lemma average_expectation_obs_entry:
  fixes A :: "nat \<Rightarrow> nat \<Rightarrow> real"
  assumes p: "p \<ge> 2" and A01: "\<And>i j. i < p \<Longrightarrow> j < p \<Longrightarrow> A i j \<in> {0, 1}"
    and ab: "a \<ge> 0" "b \<ge> 0" "a + b \<le> 1"
  shows "(\<Sum>x\<in>pairs p. measure_pmf.expectation (pair_pmf (noise_pmf a b) (noise_pmf a b))
        (\<lambda>e. obs_entry (A (fst x) (snd x)) (fst e))) / card (pairs p)
      = u1_mean (edge_density p A) a b"
    and "(\<Sum>x\<in>pairs p. measure_pmf.expectation (pair_pmf (noise_pmf a b) (noise_pmf a b))
        (\<lambda>e. \<bar>obs_entry (A (fst x) (snd x)) (snd e) - obs_entry (A (fst x) (snd x)) (fst e)\<bar> / 2))
        / card (pairs p)
      = u2_mean (edge_density p A) a b"
proof -
  have S: "finite (pairs p)" "pairs p \<noteq> {}"
    using finite_pairs pairs_nonempty[OF p] by auto
  have AS: "A (fst x) (snd x) \<in> {0, 1}" if "x \<in> pairs p" for x
    using A01[of "fst x" "snd x"] that by (auto simp: pairs_def)
  define D where "D = (\<Sum>x\<in>pairs p. A (fst x) (snd x)) / card (pairs p)"
  have density: "edge_density p A = D"
    by (simp add: D_def edge_density_eq_average split_def)
  have "(\<Sum>x\<in>pairs p. measure_pmf.expectation (pair_pmf (noise_pmf a b) (noise_pmf a b))
        (\<lambda>e. obs_entry (A (fst x) (snd x)) (fst e))) =
      (\<Sum>x\<in>pairs p. A (fst x) (snd x) * (1 - b) + (1 - A (fst x) (snd x)) * a)"
    using expectation_obs_entry[OF ab AS] by (intro sum.cong) (auto simp: algebra_simps)
  then show "(\<Sum>x\<in>pairs p. measure_pmf.expectation (pair_pmf (noise_pmf a b) (noise_pmf a b))
        (\<lambda>e. obs_entry (A (fst x) (snd x)) (fst e))) / card (pairs p)
      = u1_mean (edge_density p A) a b"
    by (simp only: average_mixture[OF S] density u1_mean_def D_def[symmetric]) (simp add: algebra_simps)
  have "(\<Sum>x\<in>pairs p. measure_pmf.expectation (pair_pmf (noise_pmf a b) (noise_pmf a b))
        (\<lambda>e. \<bar>obs_entry (A (fst x) (snd x)) (snd e) - obs_entry (A (fst x) (snd x)) (fst e)\<bar> / 2)) =
      (\<Sum>x\<in>pairs p. A (fst x) (snd x) * (b * (1 - b)) + (1 - A (fst x) (snd x)) * (a * (1 - a)))"
    using expectation_half_abs_diff_obs_entry[OF ab AS] by (intro sum.cong) auto
  then show "(\<Sum>x\<in>pairs p. measure_pmf.expectation (pair_pmf (noise_pmf a b) (noise_pmf a b))
        (\<lambda>e. \<bar>obs_entry (A (fst x) (snd x)) (snd e) - obs_entry (A (fst x) (snd x)) (fst e)\<bar> / 2))
        / card (pairs p)
      = u2_mean (edge_density p A) a b"
    by (simp only: average_mixture[OF S] density u2_mean_def D_def[symmetric])
qed

lemma prob_u_hat_deviation:
  fixes A :: "nat \<Rightarrow> nat \<Rightarrow> real"
  assumes p: "p \<ge> 2" and A01: "\<And>i j. i < p \<Longrightarrow> j < p \<Longrightarrow> A i j \<in> {0, 1}"
    and ab: "a \<ge> 0" "b \<ge> 0" "a + b \<le> 1" and t: "t \<ge> 0"
  shows "measure_pmf.prob (noise_model p a b)
      {\<omega>. t \<le> \<bar>u1_hat p A (fst \<omega>) - u1_mean (edge_density p A) a b\<bar> \<or>
          t \<le> \<bar>u2_hat p A (fst \<omega>) (snd \<omega>) - u2_mean (edge_density p A) a b\<bar>}
    \<le> 4 * exp (-2 * (real p * (real p - 1) / 2) * t\<^sup>2)"
proof -
  define S Q where "S = pairs p" and "Q = pair_pmf (noise_pmf a b) (noise_pmf a b)"
  define h1 h2 :: "nat \<times> nat \<Rightarrow> int \<times> int \<Rightarrow> real"
    where "h1 = (\<lambda>x e. obs_entry (A (fst x) (snd x)) (fst e))"
      and "h2 = (\<lambda>x e. \<bar>obs_entry (A (fst x) (snd x)) (snd e) - obs_entry (A (fst x) (snd x)) (fst e)\<bar> / 2)"
  define avg :: "(nat \<times> nat \<Rightarrow> int \<times> int \<Rightarrow> real) \<Rightarrow> (nat \<times> nat \<Rightarrow> int \<times> int) \<Rightarrow> real"
    where "avg h f = (\<Sum>x\<in>S. h x (f x)) / card S" for h f
  define mean :: "(nat \<times> nat \<Rightarrow> int \<times> int \<Rightarrow> real) \<Rightarrow> real"
    where "mean h = (\<Sum>x\<in>S. measure_pmf.expectation Q (h x)) / card S" for h
  define unzip :: "(nat \<times> nat \<Rightarrow> int \<times> int) \<Rightarrow> _"
    where "unzip f = (\<lambda>x. fst (f x), \<lambda>x. snd (f x))" for f
  have S: "finite S" "S \<noteq> {}"
    using finite_pairs pairs_nonempty[OF p] by (auto simp: S_def)
  have h: "h1 x e \<in> {0..1}" "h2 x e \<in> {0..1}" if "x \<in> S" for x e
    using A01[of "fst x" "snd x"] that
    by (auto simp: h1_def h2_def S_def pairs_def obs_entry_def)
  have Hoeffding: "measure_pmf.prob (Pi_pmf S (0, 0) (\<lambda>_. Q)) {f. t \<le> \<bar>avg h f - mean h\<bar>}
      \<le> 2 * exp (-2 * real (card S) * t\<^sup>2)" if "\<And>x e. x \<in> S \<Longrightarrow> h x e \<in> {0..1}" for h
    using Hoeffding_Pi_pmf_average[OF S that t] unfolding avg_def mean_def .
  \<comment> \<open>Zipped, the two noise arrays form one array of independent noise pairs.\<close>
  have model: "noise_model p a b = map_pmf unzip (Pi_pmf S (0, 0) (\<lambda>_. Q))"
    unfolding noise_model_def S_def Q_def unzip_def by (rule pair_pmf_Pi_pmf[OF finite_pairs])
  have u_hat: "u1_hat p A (fst (unzip f)) = avg h1 f"
    "u2_hat p A (fst (unzip f)) (snd (unzip f)) = avg h2 f" for f
    by (simp_all add: avg_def h1_def h2_def S_def unzip_def u1_hat_eq_average u2_hat_eq_average split_def)
  have mean: "mean h1 = u1_mean (edge_density p A) a b" "mean h2 = u2_mean (edge_density p A) a b"
    using average_expectation_obs_entry[OF p A01 ab] by (simp_all add: mean_def h1_def h2_def S_def Q_def)
  have "measure_pmf.prob (noise_model p a b)
      {\<omega>. t \<le> \<bar>u1_hat p A (fst \<omega>) - u1_mean (edge_density p A) a b\<bar> \<or>
          t \<le> \<bar>u2_hat p A (fst \<omega>) (snd \<omega>) - u2_mean (edge_density p A) a b\<bar>}
    = measure_pmf.prob (Pi_pmf S (0, 0) (\<lambda>_. Q))
      ({f. t \<le> \<bar>avg h1 f - mean h1\<bar>} \<union> {f. t \<le> \<bar>avg h2 f - mean h2\<bar>})"
    unfolding model measure_map_pmf
    by (rule arg_cong[where f = "measure_pmf.prob _"])
      (simp only: set_eq_iff vimage_eq mem_Collect_eq Un_iff u_hat mean simp_thms)
  also have "\<dots> \<le> measure_pmf.prob (Pi_pmf S (0, 0) (\<lambda>_. Q)) {f. t \<le> \<bar>avg h1 f - mean h1\<bar>}
      + measure_pmf.prob (Pi_pmf S (0, 0) (\<lambda>_. Q)) {f. t \<le> \<bar>avg h2 f - mean h2\<bar>}"
    by (rule measure_Un_le) auto
  also have "\<dots> \<le> 2 * exp (-2 * real (card S) * t\<^sup>2) + 2 * exp (-2 * real (card S) * t\<^sup>2)"
    by (intro add_mono Hoeffding h)
  finally show ?thesis
    by (simp add: S_def card_pairs)
qed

------------------------

Activity:
The lines from the one containing "by (rule measure_Un_le) auto" through the last line of the records are the answer; set them down exactly and add nothing.

Task output:
    by (rule measure_Un_le) auto
  also have "\<dots> \<le> 2 * exp (-2 * real (card S) * t\<^sup>2) + 2 * exp (-2 * real (card S) * t\<^sup>2)"
    by (intro add_mono Hoeffding h)
  finally show ?thesis
    by (simp add: S_def card_pairs)
qed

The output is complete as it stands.